As Diretrizes Operacionais para a Educação Básica Nas Escolas do Campo (Resolução CNE/CEB, n. 1, de 3 de abril de 2002) documentam e oficializam como política pública alguns princípios e procedimentos necessários à construção das escolas do campo. Seus artigos n. 4 e n. 5 afirmam que tais escolas se constituirão como espaços públicos de “investigação e articulação de experiências e estudos direcionados para o mundo do trabalho, bem como para o desenvolvimento social, economicamente justo e ecologicamente sustentável”, que contemplem a diversidade do campo em todos os seus aspectos: “sociais, culturais, políticos, econômicos, de gênero, geração e etnia”. Então, de acordo com as Diretrizes, a identidade de uma escola do campo terá como base fundadora:

 princípios éticos da autonomia, da responsabilidade, da solidariedade e do respeito ao bem comum;

 princípios políticos dos direitos e deveres da cidadania, do exercício da criticidade e do respeito à democracia;

 princípios estéticos da sensibilidade, da criatividade, da ludicidade, da qualidade e da diversidade cultural;

 princípio político de explicitar o papel da escola com vistas à construção de um projeto alternativo de desenvolvimento sustentável;

 princípio da interdisciplinaridade, com a construção integrada do conhecimento;

 princípio da preservação ambiental, supondo novas relações entre pessoas e natureza;

 princípio metodológico da pesquisa como uma postura crítica diante da realidade;

 princípio político-pedagógico da construção do conhecimento e da organização escolar tendo como referência o mundo do trabalho, das relações sociais e da cultura vivida pela população do campo;

 princípio pedagógico da valorização dos diferentes saberes, resgatando-os em sala de aula;

 princípio pedagógico de que os tempos e os espaços de formação não se limitam apenas às paredes das salas de aula, mas se definem na produção, na família, na convivência social, no lazer, nos movimentos sociais;

 princípio político de compromisso com a (re)construção de relações sociais de gênero;

 princípio político do respeito, da valorização e do fortalecimento da identidade étnica e racial dos diferentes povos do campo e

 princípio pedagógico da avaliação entendida como processo que engloba os conhecimentos, as atitudes, os valores e os comportamentos no processo de ensino e aprendizagem.

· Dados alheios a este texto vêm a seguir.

lemma rightmost_step_integral_lower_bound:
  fixes h \<Phi> :: "real \<Rightarrow> real"
  assumes pch: "piecewise_const h" and cont: "continuous_on {0..1} \<Phi>"
    and pos: "\<forall>x\<in>{0..1}. 0 < \<Phi> x"
    and mono: "\<And>x y. 0 \<le> x \<Longrightarrow> x \<le> y \<Longrightarrow> y \<le> 1 \<Longrightarrow> \<Phi> x \<le> \<Phi> y"
    and pts: "0 \<le> x1" "x1 < A" "A \<le> M" "M \<le> R" "R < x0" "x0 \<le> 1"
    and on_gap: "\<forall>x\<in>{x1<..<x0}. h x = c"
    and "finite F" and tail: "\<forall>x\<in>{x0..1} - F. h x = 0"
  shows "(R - M) * (c^2 * \<Phi> M) \<le> c * integral {A..1} (\<lambda>x. h x * \<Phi> x)"
proof -
  define g where "g x = c * (h x * \<Phi> x)" for x
  have int: "g integrable_on {u..v}" if "0 \<le> u" "v \<le> 1" for u v
    unfolding g_def using piecewise_const_times_continuous_integrable[OF pch cont that]
    by (rule integrable_on_mult_right)
  have nonneg: "0 \<le> integral {u..v} g" if uv: "A \<le> u" "v \<le> 1" for u v
  proof (rule integral_nonneg_except_finite[of "insert x0 F"])
    fix x assume x: "x \<in> {u..v} - insert x0 F"
    show "0 \<le> g x"
    proof (cases "x < x0")
      case True
      then have "h x = c" "0 < \<Phi> x" using on_gap pos x uv pts by auto
      then show ?thesis by (simp add: g_def mult.assoc[symmetric])
    qed (use x uv tail in \<open>auto simp: g_def\<close>)
  qed (use \<open>finite F\<close> int uv pts in auto)
  have "(R - M) * (c^2 * \<Phi> M) \<le> integral {M..R} g"
  proof (rule has_integral_le[OF _ integrable_integral[OF int]])
    show "((\<lambda>x. c^2 * \<Phi> M) has_integral (R - M) * (c^2 * \<Phi> M)) {M..R}"
      using has_integral_const_real[of "c^2 * \<Phi> M" M R] pts by simp
    fix x assume "x \<in> {M..R}"
    then have "h x = c" "\<Phi> M \<le> \<Phi> x" using on_gap mono pts by auto
    then show "c^2 * \<Phi> M \<le> g x"
      using mult_left_mono[of "\<Phi> M" "\<Phi> x" "c^2"] by (simp add: g_def power2_eq_square mult.assoc)
  qed (use pts in auto)
  moreover have "integral {A..1} g = integral {A..M} g + integral {M..1} g"
    using Henstock_Kurzweil_Integration.integral_combine[of A M 1 g] int pts by simp
  moreover have "integral {M..1} g = integral {M..R} g + integral {R..1} g"
    using Henstock_Kurzweil_Integration.integral_combine[of M R 1 g] int pts by simp
  moreover have "0 \<le> integral {A..M} g" "0 \<le> integral {R..1} g" using nonneg pts by auto
  moreover have "integral {A..1} g = c * integral {A..1} (\<lambda>x. h x * \<Phi> x)"
    unfolding g_def by simp
  ultimately show ?thesis by linarith
qed

lemma quadratic_growth_orthogonality_bound:
  fixes h p \<Phi> :: "real \<Rightarrow> real"
  assumes growth: "quadratic_growth p K \<Phi>" and p_nonneg: "\<forall>x\<in>{0..1}. 0 \<le> p x"
    and pch: "piecewise_const h" and B: "\<forall>x\<in>{0..1}. \<bar>h x\<bar> \<le> B"
    and x01: "0 \<le> x1" "x1 < x0" "x0 \<le> 1" and "0 \<le> m"
    and on_gap: "\<forall>x\<in>{x1<..<x0}. h x = c \<and> m \<le> p x"
    and "finite F" and tail: "\<forall>x\<in>{x0..1} - F. h x = 0"
    and orth: "integral {0..1} (\<lambda>x. h x * \<Phi> x) = 0"
  defines "L \<equiv> (x0 - x1) / 4"
  shows "\<bar>c\<bar> * L * (1 + K * m * L^2 / 2) \<le> B"
proof (cases "c = 0")
  case True
  have "\<bar>h 0\<bar> \<le> B" using B by simp
  then show ?thesis using True abs_ge_zero[of "h 0"] by simp
next
  case False
  define A M R where "A = x1 + L" and "M = x1 + 2 * L" and "R = x1 + 3 * L"
  have pts: "0 < L" "x1 < A" "A < M" "M < R" "R < x0" "0 \<le> A" "R \<le> 1" "M - A = L" "R - M = L"
    using x01 by (simp_all add: L_def A_def M_def R_def field_simps)
  have cont: "continuous_on {0..1} \<Phi>" and pos: "\<forall>x\<in>{0..1}. 0 < \<Phi> x"
    using quadratic_growthD(1,2)[OF growth] by auto
  have mono: "\<Phi> x \<le> \<Phi> y" if "0 \<le> x" "x \<le> y" "y \<le> 1" for x y
    using quadratic_growth_mono[OF growth p_nonneg that] .
  have "integral {0..A} (\<lambda>x. h x * \<Phi> x) + integral {A..1} (\<lambda>x. h x * \<Phi> x) = 0"
    using Henstock_Kurzweil_Integration.integral_combine[of 0 A 1 "\<lambda>x. h x * \<Phi> x"]
      piecewise_const_times_continuous_integrable[OF pch cont, of 0 1] orth pts by simp
  then have sum_zero:
    "c * integral {0..A} (\<lambda>x. h x * \<Phi> x) + c * integral {A..1} (\<lambda>x. h x * \<Phi> x) = 0"
    by (simp flip: distrib_left)
  have "\<bar>c * integral {0..A} (\<lambda>x. h x * \<Phi> x)\<bar> \<le> \<bar>c\<bar> * (B * \<Phi> A)"
    using abs_integral_times_monotone_le[OF pch B cont pos mono] pts
    by (simp add: abs_mult mult_left_mono)
  moreover have "(R - M) * (c^2 * \<Phi> M) \<le> c * integral {A..1} (\<lambda>x. h x * \<Phi> x)"
    using on_gap \<open>finite F\<close> tail pts x01
    by (intro rightmost_step_integral_lower_bound[OF pch cont pos mono]) auto
  ultimately have "c^2 * L * \<Phi> M \<le> \<bar>c\<bar> * (B * \<Phi> A)"
    using sum_zero pts by (simp add: abs_le_iff ac_simps)
  define t where "t = 1 + K * m * L^2 / 2"
  have "\<Phi> A * t \<le> \<Phi> M"
    using quadratic_growthD(3)[OF growth, of A M m] on_gap pts \<open>0 \<le> m\<close> by (auto simp: t_def)
  then have "c^2 * L * (\<Phi> A * t) \<le> c^2 * L * \<Phi> M"
    by (rule mult_left_mono) (use pts in simp)
  also have "\<dots> \<le> \<bar>c\<bar> * (B * \<Phi> A)" by fact
  also have "c^2 * L * (\<Phi> A * t) = (\<bar>c\<bar> * \<bar>c\<bar>) * (L * t * \<Phi> A)"
    by (simp add: power2_eq_square ac_simps)
  finally have "\<bar>c\<bar> * (\<bar>c\<bar> * L * t * \<Phi> A) \<le> \<bar>c\<bar> * (B * \<Phi> A)"
    by (simp add: mult.assoc)
  then have "\<bar>c\<bar> * L * t * \<Phi> A \<le> B * \<Phi> A"
    by (rule mult_left_le_imp_le) (use False in simp)
  then have "\<bar>c\<bar> * L * t \<le> B"
    by (rule mult_right_le_imp_le) (use pos pts in simp)
  then show ?thesis by (simp add: t_def)
qed
(* Let $T$ be a measure-preserving map on the probability space $(X,\mathcal{A},\mu)$, $(A_l)$ a sequence of asymptotically rare events, $(\nu_l)$ a sequence in $\mathfrak{P}$, and $\tau_l:X\to\mathbb{N}_0$, $l\ge1$, measurable functions. a) $(\tau_l)$ is an admissible delay sequence for the variables $R_l:=\mu(A_l)\Phi_{A_l}:X\to[0,\infty]^{\mathbb{N}_0}$ and the measures $\nu_l$ provided that $\mu(A_l)\tau_l\to0$ in $\nu_l$-probability and $\nu_l(\tau_l<\varphi_{A_l})\to1$ as $l\to\infty$. b) The condition $\nu_l(\tau_l<\varphi_{A_l})\to1$ alone suffices for $(\tau_l)$ to be an admissible delay sequence for the variables $R_l:=\mu(A_l)\Phi_{A_l}\circ T_{A_l}:X\to[0,\infty]^{\mathbb{N}}$ and the $\nu_l$.
   Context: For $A$ with $\mu(A)>0$: $\varphi_A(x):=\inf\{n\ge1:T^nx\in A\}$, $T_Ax:=T^{\varphi_A(x)}x$, $\Phi_A:=(\varphi_A,\varphi_A\circ T_A,\ldots)$; $[0,\infty]$ metrized by $|e^{-s}-e^{-t}|$, sequence spaces with the product metric $\sum_j2^{-(j+1)}d(s^{(j)},t^{(j)})$. Asymptotically rare: $0<\mu(A_l)\to0$. $\mathfrak{P}$: probabilities $\nu\ll\mu$. $T^\tau x:=T^{\tau(x)}x$. For Borel maps $R_l$ into a compact metric space $\mathfrak{E}$ and probabilities $\nu_l$, $(\tau_l)$ is an admissible delay sequence for $(R_l)$ and $(\nu_l)$ if $D_{\mathfrak{E}}(\nu_l\circ R_l^{-1},\nu_l\circ(R_l\circ T^{\tau_l})^{-1})\to0$, where $D_{\mathfrak{E}}(Q,Q')=\sum_{j\ge1}2^{-(j+1)}|\int\chi_j\,dQ-\int\chi_j\,dQ'|$ for a fixed sequence of Lipschitz $\chi_j$, $|\chi_j|\le1$, obtained by normalizing a dense sequence in $\mathcal{C}(\mathfrak{E})$ (a metric for weak convergence). *)

theory Defs
  imports "HOL-Probability.Probability"
begin

definition hit :: "('a \<Rightarrow> 'a) \<Rightarrow> 'a set \<Rightarrow> 'a \<Rightarrow> enat" where
  "hit T A x = (if \<exists>n\<ge>1. (T ^^ n) x \<in> A
                then enat (LEAST n. n \<ge> 1 \<and> (T ^^ n) x \<in> A) else \<infinity>)"

definition retmap :: "('a \<Rightarrow> 'a) \<Rightarrow> 'a set \<Rightarrow> 'a \<Rightarrow> 'a" where
  "retmap T A x = (case hit T A x of enat n \<Rightarrow> (T ^^ n) x | \<infinity> \<Rightarrow> x)"

definition Phi :: "('a \<Rightarrow> 'a) \<Rightarrow> 'a set \<Rightarrow> 'a \<Rightarrow> nat \<Rightarrow> enat" where
  "Phi T A x j = hit T A ((retmap T A ^^ j) x)"

definition eneg :: "ennreal \<Rightarrow> real" where
  "eneg s = (if s = \<infinity> then 0 else exp (- enn2real s))"

definition seq_dist :: "(nat \<Rightarrow> ennreal) \<Rightarrow> (nat \<Rightarrow> ennreal) \<Rightarrow> real" where
  "seq_dist s t = (\<Sum>j. (1/2) ^ (j + 1) * \<bar>eneg (s j) - eneg (t j)\<bar>)"

definition seq_continuous :: "((nat \<Rightarrow> ennreal) \<Rightarrow> real) \<Rightarrow> bool" where
  "seq_continuous f \<longleftrightarrow>
     (\<forall>s. \<forall>e>0. \<exists>d>0. \<forall>t. seq_dist s t < d \<longrightarrow> \<bar>f s - f t\<bar> < e)"

definition seq_lipschitz :: "((nat \<Rightarrow> ennreal) \<Rightarrow> real) \<Rightarrow> bool" where
  "seq_lipschitz f \<longleftrightarrow> (\<exists>L. \<forall>s t. \<bar>f s - f t\<bar> \<le> L * seq_dist s t)"

definition chi_system :: "(nat \<Rightarrow> (nat \<Rightarrow> ennreal) \<Rightarrow> real) \<Rightarrow> bool" where
  "chi_system chi \<longleftrightarrow>
     (\<exists>g. (\<forall>j. seq_continuous (g j)) \<and>
          (\<forall>f. seq_continuous f \<longrightarrow> (\<forall>e>0. \<exists>j. \<forall>s. \<bar>f s - g j s\<bar> < e)) \<and>
          (\<forall>j s. chi j s = g j s / (SUP t. \<bar>g j t\<bar>))) \<and>
     (\<forall>j. seq_lipschitz (chi j) \<and> (\<forall>s. \<bar>chi j s\<bar> \<le> 1))"

text \<open>D_E(nu o R^-1, nu o R'^-1), integrals against image measures written as integrals over nu.\<close>
definition DE :: "(nat \<Rightarrow> (nat \<Rightarrow> ennreal) \<Rightarrow> real) \<Rightarrow> 'a measure
                  \<Rightarrow> ('a \<Rightarrow> nat \<Rightarrow> ennreal) \<Rightarrow> ('a \<Rightarrow> nat \<Rightarrow> ennreal) \<Rightarrow> real" where
  "DE chi \<nu> R R' = (\<Sum>j. (1/2) ^ (j + 1) *
       \<bar>(\<integral>x. chi j (R x) \<partial>\<nu>) - (\<integral>x. chi j (R' x) \<partial>\<nu>)\<bar>)"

Assim sendo, os currículos das escolas do campo, segundo a Resolução CNE/CEB, n.1 de 3 de abril de 2002, além de se orientarem pelas Diretrizes Curriculares Nacionais para a Educação Básica e a Educação Profissional de Nível Técnico, devem:

 direcionar as atividades curriculares e pedagógicas para um projeto de desenvolvimento sustentável;

 avaliar os impactos da proposta da instituição sobre a qualidade de vida individual e coletiva;

 realizar uma abordagem solidária e coletiva dos problemas do campo, promovendo o estímulo à participação nos processos de elaboração, desenvolvimento e avaliação das propostas pedagógicas;

 promover estudos sobre a diversidade e o protagonismo das crianças, dos jovens e dos adultos do campo na construção da qualidade social da vida individual e coletiva e

 valorizar, nas propostas pedagógicas, a diversidade cultural e os processos de interação e transformação do campo, respeitando a fidelidade aos princípios éticos que norteiam a convivência solidária e colaborativa nas sociedades democráticas.